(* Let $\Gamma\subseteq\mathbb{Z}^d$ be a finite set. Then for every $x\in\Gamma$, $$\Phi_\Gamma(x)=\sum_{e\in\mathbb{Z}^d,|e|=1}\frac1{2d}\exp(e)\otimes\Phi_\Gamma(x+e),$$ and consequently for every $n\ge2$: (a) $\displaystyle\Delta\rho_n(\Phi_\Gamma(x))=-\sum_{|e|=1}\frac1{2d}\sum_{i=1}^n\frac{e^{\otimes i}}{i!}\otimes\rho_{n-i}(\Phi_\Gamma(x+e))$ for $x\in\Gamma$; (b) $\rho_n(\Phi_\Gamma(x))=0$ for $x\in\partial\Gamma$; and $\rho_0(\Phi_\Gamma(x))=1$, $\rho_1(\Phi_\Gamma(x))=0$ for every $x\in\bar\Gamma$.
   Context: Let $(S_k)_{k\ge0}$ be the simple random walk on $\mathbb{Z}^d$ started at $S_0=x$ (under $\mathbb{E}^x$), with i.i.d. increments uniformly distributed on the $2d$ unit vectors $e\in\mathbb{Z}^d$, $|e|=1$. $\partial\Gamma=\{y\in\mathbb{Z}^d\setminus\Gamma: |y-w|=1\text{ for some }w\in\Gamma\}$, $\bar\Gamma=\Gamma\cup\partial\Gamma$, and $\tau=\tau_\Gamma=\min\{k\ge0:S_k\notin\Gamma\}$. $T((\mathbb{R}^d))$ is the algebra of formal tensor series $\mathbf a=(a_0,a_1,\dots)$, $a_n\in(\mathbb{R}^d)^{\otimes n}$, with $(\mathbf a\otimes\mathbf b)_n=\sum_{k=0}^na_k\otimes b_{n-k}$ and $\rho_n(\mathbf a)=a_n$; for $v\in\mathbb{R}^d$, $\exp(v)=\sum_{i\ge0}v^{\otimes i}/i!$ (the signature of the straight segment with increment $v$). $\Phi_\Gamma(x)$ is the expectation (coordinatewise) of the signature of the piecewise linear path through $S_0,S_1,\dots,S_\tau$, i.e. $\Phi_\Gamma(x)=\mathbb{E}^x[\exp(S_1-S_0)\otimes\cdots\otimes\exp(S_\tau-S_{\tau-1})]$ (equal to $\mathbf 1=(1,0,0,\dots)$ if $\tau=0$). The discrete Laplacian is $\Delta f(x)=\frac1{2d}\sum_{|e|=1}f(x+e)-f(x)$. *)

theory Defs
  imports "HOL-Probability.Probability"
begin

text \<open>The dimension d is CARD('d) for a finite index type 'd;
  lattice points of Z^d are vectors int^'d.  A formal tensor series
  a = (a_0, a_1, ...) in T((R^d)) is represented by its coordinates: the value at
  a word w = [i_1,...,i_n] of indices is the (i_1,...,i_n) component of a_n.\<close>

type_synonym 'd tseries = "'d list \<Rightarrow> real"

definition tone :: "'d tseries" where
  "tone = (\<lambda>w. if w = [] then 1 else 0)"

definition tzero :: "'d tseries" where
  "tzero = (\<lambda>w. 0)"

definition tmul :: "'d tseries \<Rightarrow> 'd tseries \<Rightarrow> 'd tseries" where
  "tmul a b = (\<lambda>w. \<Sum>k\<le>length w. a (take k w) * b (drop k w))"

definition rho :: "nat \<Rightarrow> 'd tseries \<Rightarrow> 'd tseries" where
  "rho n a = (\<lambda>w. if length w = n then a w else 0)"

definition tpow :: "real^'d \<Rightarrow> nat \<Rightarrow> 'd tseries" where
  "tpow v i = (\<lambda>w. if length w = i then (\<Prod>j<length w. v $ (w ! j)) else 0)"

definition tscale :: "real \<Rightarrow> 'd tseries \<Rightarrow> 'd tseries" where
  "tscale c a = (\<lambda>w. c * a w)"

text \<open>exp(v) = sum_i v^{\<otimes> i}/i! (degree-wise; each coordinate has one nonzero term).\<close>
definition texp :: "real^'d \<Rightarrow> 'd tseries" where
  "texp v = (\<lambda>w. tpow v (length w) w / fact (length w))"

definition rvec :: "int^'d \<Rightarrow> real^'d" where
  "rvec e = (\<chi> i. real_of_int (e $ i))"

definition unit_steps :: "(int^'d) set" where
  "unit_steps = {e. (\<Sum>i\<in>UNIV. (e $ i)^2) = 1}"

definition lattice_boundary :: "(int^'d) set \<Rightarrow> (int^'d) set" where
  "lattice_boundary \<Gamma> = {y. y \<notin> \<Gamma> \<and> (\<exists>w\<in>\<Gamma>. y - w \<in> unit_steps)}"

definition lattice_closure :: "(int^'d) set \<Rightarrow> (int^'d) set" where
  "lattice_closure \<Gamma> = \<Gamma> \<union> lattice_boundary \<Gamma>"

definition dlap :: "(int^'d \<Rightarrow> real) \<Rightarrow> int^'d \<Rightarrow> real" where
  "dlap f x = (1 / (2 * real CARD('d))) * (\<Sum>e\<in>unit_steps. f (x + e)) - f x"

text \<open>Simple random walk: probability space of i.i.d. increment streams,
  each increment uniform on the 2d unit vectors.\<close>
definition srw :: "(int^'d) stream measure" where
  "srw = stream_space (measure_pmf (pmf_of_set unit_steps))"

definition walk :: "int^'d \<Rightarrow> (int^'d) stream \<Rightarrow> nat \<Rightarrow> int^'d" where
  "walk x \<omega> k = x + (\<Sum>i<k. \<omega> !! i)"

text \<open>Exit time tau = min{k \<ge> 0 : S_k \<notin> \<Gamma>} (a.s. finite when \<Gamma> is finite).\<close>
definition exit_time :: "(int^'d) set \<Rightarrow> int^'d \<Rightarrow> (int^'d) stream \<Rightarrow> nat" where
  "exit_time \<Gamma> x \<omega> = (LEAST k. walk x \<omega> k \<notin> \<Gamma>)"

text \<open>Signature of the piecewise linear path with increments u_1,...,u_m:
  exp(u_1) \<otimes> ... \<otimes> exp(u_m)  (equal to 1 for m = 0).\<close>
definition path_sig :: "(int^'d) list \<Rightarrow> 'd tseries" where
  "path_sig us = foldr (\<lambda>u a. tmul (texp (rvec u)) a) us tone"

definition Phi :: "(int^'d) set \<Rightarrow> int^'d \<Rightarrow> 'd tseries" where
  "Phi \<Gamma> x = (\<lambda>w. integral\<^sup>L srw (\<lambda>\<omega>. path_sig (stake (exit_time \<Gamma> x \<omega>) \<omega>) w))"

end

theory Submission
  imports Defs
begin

******

◆ **Exercise description**:
Everything from the line containing "set \<Rightarrow> int^'d \<Rightarrow> (int^'d)" through the line containing "list \<Rightarrow> 'd" in the material above should be retyped exactly, both ends included, and nothing more.

◆ **Exercise output**:
definition exit_time :: "(int^'d) set \<Rightarrow> int^'d \<Rightarrow> (int^'d) stream \<Rightarrow> nat" where
  "exit_time \<Gamma> x \<omega> = (LEAST k. walk x \<omega> k \<notin> \<Gamma>)"

text \<open>Signature of the piecewise linear path with increments u_1,...,u_m:
  exp(u_1) \<otimes> ... \<otimes> exp(u_m)  (equal to 1 for m = 0).\<close>
definition path_sig :: "(int^'d) list \<Rightarrow> 'd tseries" where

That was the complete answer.